In the processor business, for example, one has to meet the needs of high performance servers as well as thin and light mobile notebooks. In short, AMD’s design teams need to deliver more variants of more complex processors on less predictable silicon, on shorter notice, and in less time.
To illustrate the complexity of our current designs, here are some statistics of our core processor. The Opteron, shown in Figure 1, comprises over 200 million transistors. The physical representation of the 9 layers of metal requires 2 billion polygons. It takes 10 terabytes to create one chip revision, and tens of billions of simulation cycles and hundreds of thousands of useful CPU days per month to complete verification of a single version of the design.
The lure of OpenAccess
Addressing these design challenges requires highly flexible and efficient design environments. For the foreseeable future, our design environment will continue to be a mix of internal and commercial tools. Consequently, we prefer to work with industry standards, and we believe OpenAccess has critical mass and is an emerging standard.

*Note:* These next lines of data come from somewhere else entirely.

(* Let $n>p=p_n$ and $r_n=(-\log(1-\frac pn))^{1/2}$. Assume $p/n\to y\in(0,1]$ and that the real sequences $s=s_n$, $t=t_n$ satisfy $s=O(1/r_n)$, $t=O(1/r_n)$ as $n\to\infty$. Then $$\log\frac{\Gamma_p(\frac n2+t)}{\Gamma_p(\frac n2+s)}=p(t-s)(\log n-1-\log2)+r_n^2\Big[(t^2-s^2)-\Big(p-n+\frac12\Big)(t-s)\Big]+o(1)$$ as $n\to\infty$.
   Context: $\Gamma$ is the Gamma function and, for complex $z$ with $\operatorname{Re}(z)>\frac12(p-1)$, the multivariate Gamma function is $\Gamma_p(z)=\pi^{p(p-1)/4}\prod_{i=1}^p\Gamma\big(z-\frac12(i-1)\big)$. *)

theory Defs
  imports "HOL-Analysis.Analysis" "HOL-Library.Landau_Symbols"
begin

definition mvGamma :: "nat \<Rightarrow> real \<Rightarrow> real" where
  "mvGamma p z = pi powr (real p * (real p - 1) / 4) *
     (\<Prod>i\<in>{1..p}. Gamma (z - (real i - 1) / 2))"

definition rseq :: "(nat \<Rightarrow> nat) \<Rightarrow> nat \<Rightarrow> real" where
  "rseq p n = sqrt (- ln (1 - real (p n) / real n))"

end

theory Submission
  imports Defs "HOL-Real_Asymp.Real_Asymp"
begin

text \<open>
  Put \<open>m = n - p\<close>. Up to the factor \<open>\<pi>\<^bsup>p(p-1)/4\<^esup>\<close>, \<open>\<Gamma>\<^sub>p(n/2 + u)\<close> is the product of
  \<open>\<Gamma>(j/2 + u)\<close> over \<open>m < j \<le> n\<close>, so the log-ratio is a sum of differences
  \<open>ln \<Gamma>(j/2 + t) - ln \<Gamma>(j/2 + s)\<close>. A second-order Taylor expansion of \<open>ln \<Gamma>\<close> at \<open>j/2\<close>,
  whose remainder is \<open>O(|u|\<^sup>3/j\<^sup>2)\<close>, reduces everything to the sums of \<open>\<psi>(j/2)\<close> and \<open>\<psi>'(j/2)\<close>.
  Comparing \<open>\<psi>(x)\<close> with \<open>ln x - 1/(2x)\<close> and \<open>\<psi>'(x)\<close> with \<open>1/x\<close> and telescoping gives
  \<open>\<Sum> \<psi>(j/2) = p(ln n - 1 - ln 2) + (m - 1/2)(ln n - ln m) + O(1/m)\<close> and
  \<open>\<Sum> \<psi>'(j/2) = 2(ln n - ln m) + O(1/m)\<close>, where \<open>ln n - ln m = r\<^sub>n\<^sup>2\<close>.
  Since \<open>s, t = O(1/r\<^sub>n)\<close> and \<open>r\<^sub>n\<close> is bounded below, all errors are \<open>O(1/(m r\<^sub>n))\<close>, and
  \<open>m r\<^sub>n \<rightarrow> \<infinity>\<close>: either \<open>m\<close> is large, or \<open>m\<close> is bounded and then \<open>r\<^sub>n\<^sup>2 = ln (n/m) \<rightarrow> \<infinity>\<close>.
\<close>

section \<open>Elementary estimates for the logarithm\<close>

lemma ln_Suc_trapezoid_error:
  fixes x :: real assumes "x > 0"
  shows "\<bar>ln (x + 1) - ln x - (1/x + 1/(x + 1))/2\<bar> \<le> 1/(4*x^3)"
proof -
  have upper: "ln (x + 1) - ln x \<le> (1/x + 1/(x + 1))/2"
    using ln_inverse_approx_le[of x 1] assms by (simp add: inverse_eq_divide)
  have lower: "ln (x + 1) - ln x \<ge> 2/(2*x + 1)"
    using ln_inverse_approx_ge[of x "x + 1"] assms by simp
  have "x + 1 \<noteq> 0" "2*x + 1 \<noteq> 0" using assms by auto
  hence gap: "(1/x + 1/(x + 1))/2 - 2/(2*x + 1) = 1/(2*x*(x + 1)*(2*x + 1))"
    using assms by (simp add: divide_simps) (simp add: algebra_simps)
  have "2*x*(x + 1)*(2*x + 1) \<ge> 4*x^3"
    using assms by (simp add: algebra_simps power3_eq_cube)
  hence "1/(2*x*(x + 1)*(2*x + 1)) \<le> 1/(4*x^3)"
    using assms by (intro divide_left_mono) auto
  thus ?thesis using upper lower gap by linarith
qed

The benefits of OpenAccess as an electronic design automation infrastructure have been well documented.1,2 As a database with an application programming interface (API), it eliminates the information loss that can occur with file translation and improves interoperability between tools. Regardless of whether or not OpenAccess becomes a formal industry standard, OpenAccess is attractive as a database and a data model for three reasons.
First, as designs become larger, we do want a database to meet today’s design challenges. Besides the opportunity it offers for better versioning and better multi-user and multi-site support, a database has become necessary to meet one of our key design principles: the cycle time for evaluating a design change should be proportional to the size of the change rather than the size of the design.
With ASCII files, there is really no good way to partition all of the design information. So we are left with two bad choices — opening and scanning large files to extract or change only a tiny bit of design information, or managing and opening a huge number of small files.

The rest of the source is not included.